On évite de parler des choses qui fâchent, on se détourne du sujet principal car on veut pas se blesser l'un et l'autre, on veut pas appuyer sur le point sensible. Et l'essentiel, me dis-je, c'est que je sois là, à pouvoir communiquer avec lui. Le reste importe peu, pour le moment. Il est trop tôt, nos cœurs sont encore trop essoufflés pour cela, comme si nous avions couru un mille mètres sans frémir et que notre corps avait soudain besoin de lâcher complètement. Alors ont parle de tout et de rien, comme si rien ne s'était passé. Moi, ça me convient.
Aristid est un dieu-vivant. Je ne lui dis jamais, mais je l'admire, vraiment. Il est aussi grand et lumineux que le soleil, aussi courageux que David. Je ne sais pas si un jour j'arriverai à verbaliser tout ça, mais en tout cas je le pense très fort. Actuellement, je suis malheureusement incapable de parler, j'ai la gorge nouée depuis quatre jours. Tout ce que je suis capable de prononcer c'est des morceaux de mots qui se confondent les uns avec les autres. Aristid, lui, il respecte ça. Et c'est bien le seul.
En cours, je me laisse aller. Je me mets au fond de la classe et je dessine de la fumée sur mes rouleaux de parchemins. Une fumée aussi noire que ce que contient mon Cœur. Mes notes baissent, je me repose sur ce que j'ai lu depuis des années. J'essaie d'apprendre mais je suis sans cesse déconcentrée par quelque chose. Le vide m'a envahi.

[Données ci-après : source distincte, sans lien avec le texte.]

(* Let $\mathbb{F}_q$ be a finite field, $\mathbb{P}$ a poset on $[n]=\{1,\dots,n\}$, and let $\mathcal{C}\subseteq\mathbb{F}_q^n$ be a linear MDS $\mathbb{P}$-code with parameters $[n,k,d=n-k+1]$, i.e. a linear $[n,k]$ code with $d=d_1^{\mathbb{P}}(\mathcal{C})=n-k+1$. Then, for every $r$ with $d\le r\le n$, $$\mathcal{A}_{r,\mathbb{P}}(\mathcal{C})=\sum_{I\in\Lambda^r(\mathbb{P})}\ \sum_{s=0}^{r-d}(-1)^s\binom{|M(I)|}{s}\left(q^{r-d+1-s}-1\right).$$
   Context: A subset $I\subseteq[n]$ is an ideal of $\mathbb{P}$ if $j\in I$ and $i\le_{\mathbb{P}}j$ imply $i\in I$. $\Lambda^r(\mathbb{P})$ is the set of ideals of $\mathbb{P}$ of size $r$, and $M(I)$ is the set of maximal elements (with respect to $\le_{\mathbb{P}}$) of $I$. For $u\in\mathbb{F}_q^n$, $\mathrm{supp}(u)=\{i:u_i\ne0\}$ and the $\mathbb{P}$-weight is $w_{\mathbb{P}}(u)=|\{i:i\le_{\mathbb{P}}j\text{ for some }j\in\mathrm{supp}(u)\}|$; for a subspace $D$, $w_{\mathbb{P}}(D)$ is the size of the smallest ideal containing $\bigcup_{u\in D}\mathrm{supp}(u)$. $d_1^{\mathbb{P}}(\mathcal{C})=\min\{w_{\mathbb{P}}(D): D \text{ a 1-dimensional subspace of }\mathcal{C}\}$ (the minimum $\mathbb{P}$-weight of a nonzero codeword). $\mathcal{A}_{r,\mathbb{P}}(\mathcal{C})=|\{u\in\mathcal{C}:w_{\mathbb{P}}(u)=r\}|$. *)

theory Defs
  imports "HOL-Analysis.Analysis"
begin

text \<open>A poset on the index set (the finite type 'n, with CARD('n) = n) is a
  relation P (pairs (i,j) meaning i \<le>_P j) with partial_order_on UNIV P.\<close>

definition is_ideal :: "('n \<times> 'n) set \<Rightarrow> 'n set \<Rightarrow> bool" where
  "is_ideal P I \<longleftrightarrow> (\<forall>j\<in>I. \<forall>i. (i, j) \<in> P \<longrightarrow> i \<in> I)"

Dès fois, je dors. Dès fois, je pleure. Aristid reste près de moi quand il le peut. Il sacrifie son temps libre pour moi. Il passe sont temps à étudier ou à veiller sur moi. Alors je me sens coupable. Coupable d'avoir été aussi conne, coupable de l'avoir inquiété, coupable de ne pas être capable d'aller mieux. Et lui, il reste là, près de moi. Je ne sais pas comment il fait pour tenir, pour garder ce sourire mi-inquiet mi-rassuré, et se tenir à mon chevet. Moi, je ne sais pas si je serais capable de faire tout ça pour lui, et ça me rend folle. Je suis horrifiée par ce constat, et à chaque fois que je le vois ma culpabilité augmente encore un peu.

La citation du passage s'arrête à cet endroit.